Выйдя на изволок, всадник выпрямился в седле, и тогда видно стало окровавленное лицо и поднятую руку с плетью.
– Уходить надо, атаман! – закричал Драный. – Степка Ананьин казаков сманил, хотят повинную Лукьяну нести! За мной палили, дьяволы!
Снег пошел гуще, начал лепить в глаза. На минуту Драный пропал в белой круговерти, будто растаял, но уже совсем близко частил сдвоенный перебор конских копыт.
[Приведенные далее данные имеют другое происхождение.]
lemma bprob_at_most_one_edge:
  "finite M \<Longrightarrow> bprob p M {G. card {e \<in> M. G e} \<le> 1}
    = (1 - p) ^ card M + real (card M) * p * (1 - p) ^ (card M - 1)"
proof (induction M rule: finite_induct)
  case empty
  then show ?case by (simp add: bprob_def configs_empty weight_def)
next
  case (insert x M)
  let ?Z = "{G. card {e \<in> insert x M. G e} \<le> 1}"
  have "{G. G(x := False) \<in> ?Z} = {G. card {e \<in> M. G e} \<le> 1}"
    "{G. G(x := True) \<in> ?Z} = {G. \<forall>e\<in>M. \<not> G e}"
    using card_filter_fun_upd[OF insert.hyps] insert.hyps(1) by auto
  then have "bprob p (insert x M) ?Z
      = (1 - p) * ((1 - p) ^ card M + real (card M) * p * (1 - p) ^ (card M - 1))
        + p * (1 - p) ^ card M"
    using bprob_insert[OF insert.hyps, of p ?Z]
    by (simp only: insert.IH bprob_no_edge[OF insert.hyps(1)])
  also have "\<dots> = (1 - p) ^ Suc (card M) + real (Suc (card M)) * p * (1 - p) ^ card M"
    by (cases "card M") (simp_all add: algebra_simps)
  finally show ?case
    using insert by simp
qed

lemma prob_G_NNp_eq_bprob:
  assumes "0 \<le> p" "p \<le> 1"
  shows "measure_pmf.prob (G_NNp N p) A = bprob p ({..<N} \<times> {..<N}) A"
proof -
  let ?I = "{..<N} \<times> {..<N}"
  have "set_pmf (G_NNp N p) \<subseteq> configs ?I"
    unfolding G_NNp_def using set_Pi_pmf_subset[of ?I False] by (auto simp: configs_def)
  then have "measure_pmf.prob (G_NNp N p) A = measure_pmf.prob (G_NNp N p) (configs ?I \<inter> A)"
    by (metis (no_types, lifting) Int_absorb2 inf_assoc inf_commute measure_Int_set_pmf)
  also have "\<dots> = sum (pmf (G_NNp N p)) (configs ?I \<inter> A)"
    by (simp add: measure_measure_pmf_finite finite_configs)
  also have "\<dots> = bprob p ?I A"
    unfolding bprob_def using assms
    by (intro sum.cong refl) (auto simp: G_NNp_def pmf_Pi configs_def weight_def intro!: prod.cong)
  finally show ?thesis .
qed

lemma sum_weight_prod_eq_1:
  fixes h :: "'e \<Rightarrow> bool \<Rightarrow> real"
  assumes "finite M" "\<And>e. e \<in> M \<Longrightarrow> p * h e True + (1 - p) * h e False = 1"
  shows "(\<Sum>S\<in>configs M. weight p M S * (\<Prod>e\<in>M. h e (S e))) = 1"
proof -
  have "(\<Sum>S\<in>configs M. weight p M S * (\<Prod>e\<in>M. h e (S e)))
      = (\<Sum>S\<in>configs M. \<Prod>e\<in>M. (if S e then p else 1 - p) * h e (S e))"
    by (simp add: weight_def prod.distrib)
  also have "\<dots> = (\<Prod>e\<in>M. p * h e True + (1 - p) * h e False)"
    using sum_configs_prod[OF assms(1), of "\<lambda>e b. (if b then p else 1 - p) * h e b"] by simp
  also have "\<dots> = 1"
    using assms(2) by simp
  finally show ?thesis .
qed

section \<open>Harris's inequality\<close>

definition up_closed :: "('e \<Rightarrow> bool) set \<Rightarrow> bool" where
  "up_closed A \<longleftrightarrow> (\<forall>G\<in>A. \<forall>H. G \<le> H \<longrightarrow> H \<in> A)"

lemma up_closedD: "up_closed A \<Longrightarrow> G \<in> A \<Longrightarrow> G \<le> H \<Longrightarrow> H \<in> A"
  unfolding up_closed_def by blast

lemma up_closed_fun_upd: "up_closed A \<Longrightarrow> up_closed {G. G(x := b) \<in> A}"
  unfolding up_closed_def le_fun_def by (auto elim!: ballE allE)

lemma up_closed_override_on: "up_closed A \<Longrightarrow> up_closed {G. override_on G S M \<in> A}"
  unfolding up_closed_def le_fun_def override_on_def by (auto elim!: ballE allE)

lemma card_filter_mono: "finite R \<Longrightarrow> G \<le> H \<Longrightarrow> card {e \<in> R. G e} \<le> card {e \<in> R. H e}"
  by (intro card_mono) (auto simp: le_fun_def)

lemma up_closed_card_ge: "finite R \<Longrightarrow> up_closed {G. k \<le> card {e \<in> R. G e}}"
  unfolding up_closed_def using card_filter_mono by (blast intro: order.trans)

lemma two_point_chebyshev:
  fixes a0 a1 b0 b1 p :: real
  assumes "0 \<le> p" "p \<le> 1" "a0 \<le> a1" "b0 \<le> b1"
  shows "((1 - p) * a0 + p * a1) * ((1 - p) * b0 + p * b1) \<le> (1 - p) * (a0 * b0) + p * (a1 * b1)"
proof -
  have "(1 - p) * (a0 * b0) + p * (a1 * b1) - ((1 - p) * a0 + p * a1) * ((1 - p) * b0 + p * b1)
        = p * (1 - p) * ((a1 - a0) * (b1 - b0))"
    by (simp add: algebra_simps)
  also have "\<dots> \<ge> 0"
    using assms by simp
  finally show ?thesis by simp
qed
И Кондратий придержал своего рыжего, чтобы не оставить раненого в этой чертовой непрогляди.
Драный подъехал, зажимая окровавленными пальцами левую скулу. По всему видно, задело его не шибко. Он перекрестился правой рукой, не выпуская плети:
– Слава те господи, добрую погодку послал… Не удалось на этот раз с изменой посчитаться, так хоть бежать способно…
Булавин усмехнулся, припомнив утреннего мужичка с трясущейся бородой, что у костра перематывал длинные онучи. «Ведь оно какое дело, атаман: вперед ли, назад – а бечь!..» Проклятый мужичонка, так по его и вышло…
– Куда теперь? Как думаешь, Кондрат? – спросил Драный.
– Поглядим, – сказал Булавин и ожег плетью коня.
Конь сразу перешел на броский галоп, за ним поскакали остальные.
Туча закрыла степь белой, непроглядной мглою. Копытные следы заметало снегом.
10
В глазах Ильи Зерщикова плавали красные круги – то ли кровь, то ли красная рубаха палача блазнилась, то ли горел обдонский лес – не понять. Потом ясно различил Илья голубовато-угарные гребешки огня в мангале и добела раскаленные челюсти кузнечных щипцов и зажмурился.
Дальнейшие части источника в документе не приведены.